* MATERIAL FOR THIS TASK:
= = =

lemma (in prob_space) prob_Markov_ge:
  assumes Z: "Z \<in> borel_measurable M" and "0 < \<delta>" and bound: "(\<integral>\<^sup>+x. Z x \<partial>M) \<le> B"
  shows "1 - \<delta> \<le> prob {x \<in> space M. Z x \<le> B / ennreal \<delta>}"
proof -
  define S where "S = {x \<in> space M. B / ennreal \<delta> < Z x}"
  have S_events: "S \<in> events" unfolding S_def using Z by measurable
  have "emeasure M S \<le> ennreal \<delta>"
  proof (cases B rule: ennreal_cases)
    case top
    then have "S = {}" using \<open>0 < \<delta>\<close> by (simp add: S_def ennreal_top_divide)
    then show ?thesis by simp
  next
    case (real b)
    show ?thesis
    proof (cases "b = 0")
      case True
      then have "S = {x \<in> space M. Z x \<noteq> 0}" using real by (auto simp: S_def zero_less_iff_neq_zero)
      moreover have "(\<integral>\<^sup>+x. Z x \<partial>M) = 0" using bound real True by simp
      ultimately show ?thesis using nn_integral_0_iff[OF Z] by simp
    next
      case False
      with real have b: "0 < b" by simp
      have "ennreal (b / \<delta>) * emeasure M S = (\<integral>\<^sup>+x. ennreal (b / \<delta>) * indicator S x \<partial>M)"
        by (simp add: nn_integral_cmult_indicator S_events)
      also have "\<dots> \<le> (\<integral>\<^sup>+x. Z x \<partial>M)"
        using \<open>0 < \<delta>\<close> b
        by (intro nn_integral_mono) (auto simp: S_def real divide_ennreal split: split_indicator)
      also have "\<dots> \<le> ennreal b" using bound real by simp
      finally have "b / \<delta> * prob S \<le> b"
        using \<open>0 < \<delta>\<close> b by (simp add: emeasure_eq_measure flip: ennreal_mult)
      then have "prob S \<le> \<delta>" using \<open>0 < \<delta>\<close> b by (simp add: field_simps)
      then show ?thesis by (simp add: emeasure_eq_measure ennreal_leI)
    qed
  qed
  then have "prob S \<le> \<delta>" using \<open>0 < \<delta>\<close> by (simp add: emeasure_eq_measure)
  moreover have "{x \<in> space M. Z x \<le> B / ennreal \<delta>} = space M - S" by (auto simp: S_def)
  ultimately show ?thesis using prob_compl[OF S_events] by simp
qed

context bayes_mixture
begin

definition posterior_divergence :: "'a list \<Rightarrow> ennreal" where
  "posterior_divergence x = (\<Sum>\<^sub>\<infinity>\<nu>\<in>M. ennreal (post M w \<nu> x * dkl M w \<nu> x))"

lemma ct_Suc: "ct M w (Suc t) \<omega> = posterior_divergence (stake t \<omega>)"
  by (simp add: ct_def posterior_divergence_def)

lemma measurable_ct_Suc:
  assumes "sets \<nu> = sets (stream_space (count_space UNIV))"
  shows "ct M w (Suc t) \<in> borel_measurable \<nu>"
proof -
  have "stake t \<in> measurable \<nu> (count_space UNIV)"
    using measurable_stake measurable_cong_sets[OF assms refl] by blast
  then show ?thesis
    unfolding ct_Suc[abs_def] by (rule measurable_compose[where g = posterior_divergence]) simp
qed

lemma xi_mult_posterior_divergence:
  "ennreal (xi M w x) * posterior_divergence x
     = (\<Sum>\<^sub>\<infinity>\<nu>\<in>M. ennreal (w \<nu>) * ennreal (mcyl \<nu> x * dkl M w \<nu> x))"
  unfolding posterior_divergence_def infsum_cmult_ennreal[OF countable_M, symmetric]
proof (rule infsum_cong)
  fix \<nu> assume \<nu>: "\<nu> \<in> M"
  have "ennreal (xi M w x) * ennreal (post M w \<nu> x * dkl M w \<nu> x)
      = ennreal ((xi M w x * post M w \<nu> x) * dkl M w \<nu> x)"
    using xi_nonneg by (simp add: ennreal_mult' mult.assoc)
  also have "\<dots> = ennreal (w \<nu> * (mcyl \<nu> x * dkl M w \<nu> x))"
    by (simp add: xi_mult_post[OF \<nu>] mult.assoc)
  also have "\<dots> = ennreal (w \<nu>) * ennreal (mcyl \<nu> x * dkl M w \<nu> x)"
    using weight_bounds[OF \<nu>] by (simp add: ennreal_mult')
  finally show "ennreal (xi M w x) * ennreal (post M w \<nu> x * dkl M w \<nu> x)
      = ennreal (w \<nu>) * ennreal (mcyl \<nu> x * dkl M w \<nu> x)" .
qed

text \<open>Dominating \<mu> by \<xi> / w_\<mu> turns the \<mu>-expectation of c_t into a \<xi>-expectation,
  in which the posterior weights cancel.\<close>

lemma nn_integral_ct_Suc_le:
  assumes "\<mu> \<in> M"
  shows "(\<integral>\<^sup>+\<omega>. ct M w (Suc t) \<omega> \<partial>\<mu>) \<le> ennreal (1 / w \<mu>) *
           (\<Sum>\<^sub>\<infinity>\<nu>\<in>M. ennreal (w \<nu>) * (\<Sum>\<^sub>\<infinity>x\<in>{x. length x = t}. ennreal (mcyl \<nu> x * dkl M w \<nu> x)))"
proof -
  let ?L = "{x :: 'a list. length x = t}"
  have w\<mu>: "0 < w \<mu>" using weight_bounds[OF assms] by simp
  have mcyl_le: "ennreal (mcyl \<mu> x) \<le> ennreal (1 / w \<mu>) * ennreal (xi M w x)" for x
  proof -
    have "mcyl \<mu> x \<le> 1 / w \<mu> * xi M w x"
      using weighted_mcyl_le_xi[OF assms, of x] w\<mu> by (simp add: field_simps)
    from ennreal_leI[OF this] show ?thesis using w\<mu> xi_nonneg[of x] by (subst ennreal_mult[symmetric]) auto
  qed
  have "(\<integral>\<^sup>+\<omega>. ct M w (Suc t) \<omega> \<partial>\<mu>) = (\<Sum>\<^sub>\<infinity>x\<in>?L. posterior_divergence x * ennreal (mcyl \<mu> x))"
    using assms by (simp add: ct_Suc nn_integral_stake sets_M emeasure_cyl prob_space_M)
  also have "\<dots> \<le> (\<Sum>\<^sub>\<infinity>x\<in>?L. ennreal (1 / w \<mu>) * (ennreal (xi M w x) * posterior_divergence x))"
    using mult_left_mono[OF mcyl_le, of "posterior_divergence _"]
    by (intro infsum_mono) (auto simp: nonneg_summable_on_complete ac_simps)
  also have "\<dots> = ennreal (1 / w \<mu>) *
      (\<Sum>\<^sub>\<infinity>x\<in>?L. \<Sum>\<^sub>\<infinity>\<nu>\<in>M. ennreal (w \<nu>) * ennreal (mcyl \<nu> x * dkl M w \<nu> x))"
    by (simp add: infsum_cmult_ennreal countable_lists_of_length xi_mult_posterior_divergence)
  also have "\<dots> = ennreal (1 / w \<mu>) *
      (\<Sum>\<^sub>\<infinity>\<nu>\<in>M. ennreal (w \<nu>) * (\<Sum>\<^sub>\<infinity>x\<in>?L. ennreal (mcyl \<nu> x * dkl M w \<nu> x)))"
    by (simp add: infsum_swap_ennreal[OF countable_lists_of_length countable_M]
        infsum_cmult_ennreal[OF countable_lists_of_length])
  finally show ?thesis .
qed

= = =

* EXERCISE AIM:
At the line containing "infsum_cmult_ennreal[OF countable_lists_of_length])", start transcribing exactly, and continue through the last line of the listing. Stop there and add nothing.

* RESPONSE TO THIS EXERCISE:
        infsum_cmult_ennreal[OF countable_lists_of_length])
  finally show ?thesis .
qed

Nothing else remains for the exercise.